Есть даже такие стихи:

Но есть и лирические:

История любовная

I

Была весна, шестнадцатая в моей жизни, но для меня это была первая весна: прежние все смешались. Голубое сиянье в небе, за голыми еще тополями сада, сыплющееся сверканье капель, бульканье в обледенелых ямках, золотистые лужи на дворе с плещущимися утками, первая травка у забора, на которую смотришь-смотришь, проталинка в саду, радующая

новым

– черной землей и крестиками куриных лапок, – ослепительное блистанье стекол и трепетанье «зайчиков», радостный перезвон на Пасхе, красные-синие шары, тукающиеся друг о дружку на ветерке, сквозь тонкую кожицу которых видятся красные и синие деревья и множество солнц пылающих… – все смешалось в чудесном и звонком блеске.

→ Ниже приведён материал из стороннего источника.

lemma is_maximal_point_ideal: "is_maximal_ideal (point_ideal a b c)"
  unfolding is_maximal_ideal_def
proof (intro conjI allI impI is_ideal_point_ideal point_ideal_ne_UNIV)
  fix J assume J: "is_ideal J \<and> point_ideal a b c \<subseteq> J"
  show "J = point_ideal a b c \<or> J = UNIV"
  proof (cases "J \<subseteq> point_ideal a b c")
    case False
    then obtain e where e: "e \<in> J" "eval3 a b c e \<noteq> 0" by (auto simp: point_ideal_def)
    have "e - const3 (eval3 a b c e) \<in> J" using J by (auto simp: point_ideal_def)
    hence "const3 (eval3 a b c e) \<in> J" using ideal_diff[OF _ e(1)] J by fastforce
    hence "1 \<in> J" using J e(2) ideal_const3_imp_one by blast
    thus ?thesis using J ideal_eq_UNIV_iff by blast
  qed (use J in blast)
qed

lemma principal_ideal_subset_point_ideal:
  "eval3 a b c u = 0 \<Longrightarrow> principal_ideal u \<subseteq> point_ideal a b c"
  by (auto simp: principal_ideal_def point_ideal_def)

lemma irreducible_not_dvd_both_lines:
  assumes irr: "irreducible u"
  shows "\<not> (u dvd varx - const3 a \<and> u dvd vary - const3 b)"
proof
  have lines: "varx - const3 a = [:[:[:-a, 1:]:]:]" "vary - const3 b = [:[:[:-b:], 1:]:]"
    by (simp_all add: varx_def vary_def const3_def one_pCons)
  assume "u dvd varx - const3 a \<and> u dvd vary - const3 b"
  hence d1: "u dvd [:[:[:-a, 1:]:]:]" and d2: "u dvd [:[:[:-b:], 1:]:]" by (simp_all add: lines)
  have "degree u = 0" using dvd_imp_degree_le[OF d1] by simp
  then obtain u0 where u0: "u = [:u0:]" by (rule degree_eq_zeroE)
  have "degree u0 = 0"
    using d1 dvd_imp_degree_le[of u0 "[:[:-a, 1:]:]"] by (simp add: u0 const_poly_dvd_const_poly_iff)
  then obtain u00 where u00: "u0 = [:u00:]" by (rule degree_eq_zeroE)
  have "[:u00:] dvd [:[:-b:], 1:]" using d2 by (simp add: u0 u00 const_poly_dvd_const_poly_iff)
  hence "u00 dvd coeff [:[:-b:], 1:] 1" using const_poly_dvd_iff by blast
  hence "is_unit u" by (simp add: u0 u00 is_unit_const_poly_iff)
  thus False using irr by (simp add: irreducible_def)
qed

lemma principal_ideal_not_maximal:
  assumes irr: "irreducible u" shows "\<not> is_maximal_ideal (principal_ideal u)"
proof
  assume max: "is_maximal_ideal (principal_ideal u)"
  have "\<not> u dvd 1" using irr by (simp add: irreducible_def)
  then obtain a b c where "eval3 a b c u = 0" using eval3_zero_avoiding[OF irr] by blast
  hence "point_ideal a b c = principal_ideal u \<or> point_ideal a b c = UNIV"
    using max principal_ideal_subset_point_ideal is_ideal_point_ideal
    unfolding is_maximal_ideal_def by blast
  hence eq: "point_ideal a b c = principal_ideal u" using point_ideal_ne_UNIV by blast
  have "varx - const3 a \<in> point_ideal a b c" "vary - const3 b \<in> point_ideal a b c"
    by (simp_all add: point_ideal_def)
  thus False using irreducible_not_dvd_both_lines[OF irr] by (simp add: eq principal_ideal_iff)
qed

section \<open>The residually null case\<close>

lemma residually_null_if_dvd_w:
  assumes "u dvd wx s t" "u dvd wy s t" "u dvd wz s t"
  shows "residually_null s t (principal_ideal u)"
proof -
  have "pbr s t a b \<in> principal_ideal u" for a b
    unfolding pbr_cross principal_ideal_iff using assms by (intro dvd_add dvd_diff dvd_mult) auto
  thus ?thesis unfolding residually_null_def poisson_ideal_def using is_ideal_principal by blast
qed

lemma poisson_ideal_if_contains_residually_null:
  "residually_null s t P \<Longrightarrow> P \<subseteq> Q \<Longrightarrow> is_ideal Q \<Longrightarrow> poisson_ideal s t Q"
  unfolding residually_null_def poisson_ideal_def by blast

lemma not_poisson_primitive_if_residually_null:
  assumes "residually_null s t P" and "\<not> is_maximal_ideal P"
  shows "\<not> poisson_primitive s t P"
proof
  assume "poisson_primitive s t P"
  then obtain M where M: "is_maximal_ideal M" "is_poisson_core s t P M"
    unfolding poisson_primitive_def by blast
  hence "P \<subseteq> M" unfolding is_poisson_core_def by blast
  moreover have "is_ideal M" using M(1) unfolding is_maximal_ideal_def by blast
  ultimately have "poisson_ideal s t M"
    using poisson_ideal_if_contains_residually_null[OF assms(1)] by blast
  hence "M = P" using M(2) \<open>P \<subseteq> M\<close> unfolding is_poisson_core_def by blast
  thus False using M(1) assms(2) by simp
qed

lemma not_locally_closed_if_residually_null:
  assumes irr: "irreducible u" and rn: "residually_null s t (principal_ideal u)"
  shows "\<not> locally_closed s t (principal_ideal u)"
proof -
  let ?P = "principal_ideal u"
  have "x \<in> ?P" if x: "x \<in> \<Inter>{Q. poisson_prime s t Q \<and> ?P \<subset> Q}" for x
  proof (rule ccontr)
    assume "x \<notin> ?P"
    then obtain a b c where abc: "eval3 a b c u = 0" "eval3 a b c x \<noteq> 0"
      using eval3_zero_avoiding[OF irr] unfolding principal_ideal_iff by blast
    have "?P \<subseteq> point_ideal a b c" by (rule principal_ideal_subset_point_ideal[OF abc(1)])
    moreover have "?P \<noteq> point_ideal a b c"
      using is_maximal_point_ideal[of a b c] principal_ideal_not_maximal[OF irr] by auto
    moreover have "poisson_prime s t (point_ideal a b c)"
      unfolding poisson_prime_def using calculation(1) rn is_ideal_point_ideal is_prime_point_ideal
      by (blast intro: poisson_ideal_if_contains_residually_null)
    ultimately have "x \<in> point_ideal a b c" using x by blast
    thus False using abc(2) by (simp add: point_ideal_def)
  qed
  hence "\<Inter>{Q. poisson_prime s t Q \<and> ?P \<subset> Q} \<subseteq> ?P" by blast
  moreover have "?P \<subseteq> \<Inter>{Q. poisson_prime s t Q \<and> ?P \<subset> Q}" by blast
  ultimately show ?thesis unfolding locally_closed_def by blast
qed

section \<open>The case of a simple factor\<close>

lemma irreducible_cpoly3_cases:
  fixes u :: cpoly3
  assumes "irreducible u"
  obtains (z) "degree u > 0"
    | (y) u0 where "u = [:u0:]" "degree u0 > 0" "irreducible u0"
    | (x) u00 where "u = [:[:u00:]:]" "degree u00 > 0" "irreducible u00"
proof (cases "degree u > 0")
  case False
  then obtain u0 where u0: "u = [:u0:]" by (metis degree_0_id neq0_conv)
  have i0: "irreducible u0" using assms by (simp add: u0 irreducible_const_poly_iff)
  show ?thesis
  proof (cases "degree u0 > 0")
    case False
    then obtain u00 where u00: "u0 = [:u00:]" by (metis degree_0_id neq0_conv)
    have i00: "irreducible u00" using i0 by (simp add: u00 irreducible_const_poly_iff)
    show ?thesis
    proof (cases "degree u00 > 0")
      case False
      then obtain k where "u = const3 k" by (metis degree_0_id neq0_conv u0 u00 const3_def)
      moreover have "k \<noteq> 0" using assms calculation by auto
      ultimately show ?thesis using assms const3_is_unit by (auto simp: irreducible_def)
    qed (use u0 u00 i00 x in blast)
  qed (use u0 i0 y in blast)
qed (rule z)

lemma not_dvd_pderiv:
  fixes u :: "'a::{idom,ring_char_0} poly"
  assumes "degree u > 0" shows "\<not> u dvd pderiv u"
proof
  assume "u dvd pderiv u"
  moreover have "pderiv u \<noteq> 0" using assms by (simp add: pderiv_eq_0_iff)
  ultimately have "degree u \<le> degree (pderiv u)" by (rule dvd_imp_degree_le)
  thus False using assms by (simp add: degree_pderiv)
qed

lemma irreducible_not_dvd_all_derivs:
  assumes "irreducible u" shows "\<not> (u dvd dx u \<and> u dvd dy u \<and> u dvd dz u)"
  using assms
proof (cases rule: irreducible_cpoly3_cases)
  case z thus ?thesis using not_dvd_pderiv by (simp add: dz_def)
next
  case (y u0) thus ?thesis using not_dvd_pderiv by (simp add: d_const_poly const_poly_dvd_const_poly_iff)
next
  case (x u00)
  thus ?thesis using not_dvd_pderiv by (simp add: d_const_poly map_poly_pCons const_poly_dvd_const_poly_iff)
qed

lemma poisson_ideal_principal_if_w_cong_grad:
  assumes "w_cong_grad s t u c" shows "poisson_ideal s t (principal_ideal u)"
  unfolding poisson_ideal_def
proof (intro conjI allI ballI is_ideal_principal)
  fix a b assume "b \<in> principal_ideal u"
  then obtain k where k: "b = u * k" by (auto simp: principal_ideal_iff dvd_def)
  obtain mx my mz where w: "wx s t = c * dx u + u * mx" "wy s t = c * dy u + u * my"
    "wz s t = c * dz u + u * mz" using assms unfolding w_cong_grad_def by blast
  have "pbr s t a u = u * ((dy a * dz u - dz a * dy u) * mx + (dz a * dx u - dx a * dz u) * my
     + (dx a * dy u - dy a * dx u) * mz)"
    unfolding pbr_cross w by (simp add: algebra_simps)
  hence "u dvd pbr s t a u" by simp
  thus "pbr s t a b \<in> principal_ideal u" by (simp add: k pbr_mult principal_ideal_iff)
qed

lemma not_residually_null_if_w_cong_grad:
  assumes irr: "irreducible u" and "\<not> u dvd c" and "w_cong_grad s t u c"
  shows "\<not> residually_null s t (principal_ideal u)"
proof
  assume "residually_null s t (principal_ideal u)"
  hence rn: "u dvd pbr s t a b" for a b unfolding residually_null_def principal_ideal_iff by blast
  obtain mx my mz where w: "wx s t = c * dx u + u * mx" "wy s t = c * dy u + u * my"
    "wz s t = c * dz u + u * mz" using assms(3) unfolding w_cong_grad_def by blast
  have "u dvd wx s t" "u dvd wy s t" "u dvd wz s t"
    using rn[of vary varz] rn[of varz varx] rn[of varx vary] by (simp_all add: pbr_vars)
  hence "u dvd c * dx u" "u dvd c * dy u" "u dvd c * dz u"
    unfolding w by (simp_all add: dvd_add_left_iff)
  hence "u dvd dx u \<and> u dvd dy u \<and> u dvd dz u"
    using assms(2) irreducible_imp_prime_elem[OF irr] by (simp add: prime_elem_dvd_mult_iff)
  thus False using irreducible_not_dvd_all_derivs[OF irr] by blast
qed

А в эту весну все как будто остановилось и дало на себя глядеть, и сама весна заглянула в мои глаза. И я увидал и почувствовал всю ее, будто она моя, для меня одного такая. Для меня – голубые и золотые лужи, и плещется в них весна; и сквозистый снежок в саду, рассыпающийся на крупки, в бисер; и ласкающий нежный голос, от которого замирает сердце, призывающий кошечку в голубом бантике, отлучившуюся в наш садик; и светлая кофточка на галерее, волнующая своим мельканием, и воздух, необыкновенно легкий, с теплом и холодочком. Я впервые почувствовал – вот весна, и куда-то она зовет, и в ней чудесное для меня, и я – живу.

Необыкновенно свежи во мне запахи той весны – распускавшихся тополей, почек черной смородины, взрытой земли на клумбах и золотистых душков в тонкой стеклянной уточке, пахнувших монпансье, которые я украдкой, трепетно подарил на Пасхе нашей красивой Паше. Ветерок от ее накрахмаленного платья, белого с незабудками, и удивительно свежий запах, который приносила она с собою в комнаты со двора, – будто запах сырых орехов и крымских яблок, – крепко живут во мне. Помню весенний воздух, вливавшийся вечерами в окна, жемчужный ободок месяца, зацепившийся в тополях, небо, зеленовато-голубое, и звезды такие ясные, мерцающие счастьем. Помню тревожное ожидание чего-то, неизъяснимо радостного, и непонятную грусть, тоску…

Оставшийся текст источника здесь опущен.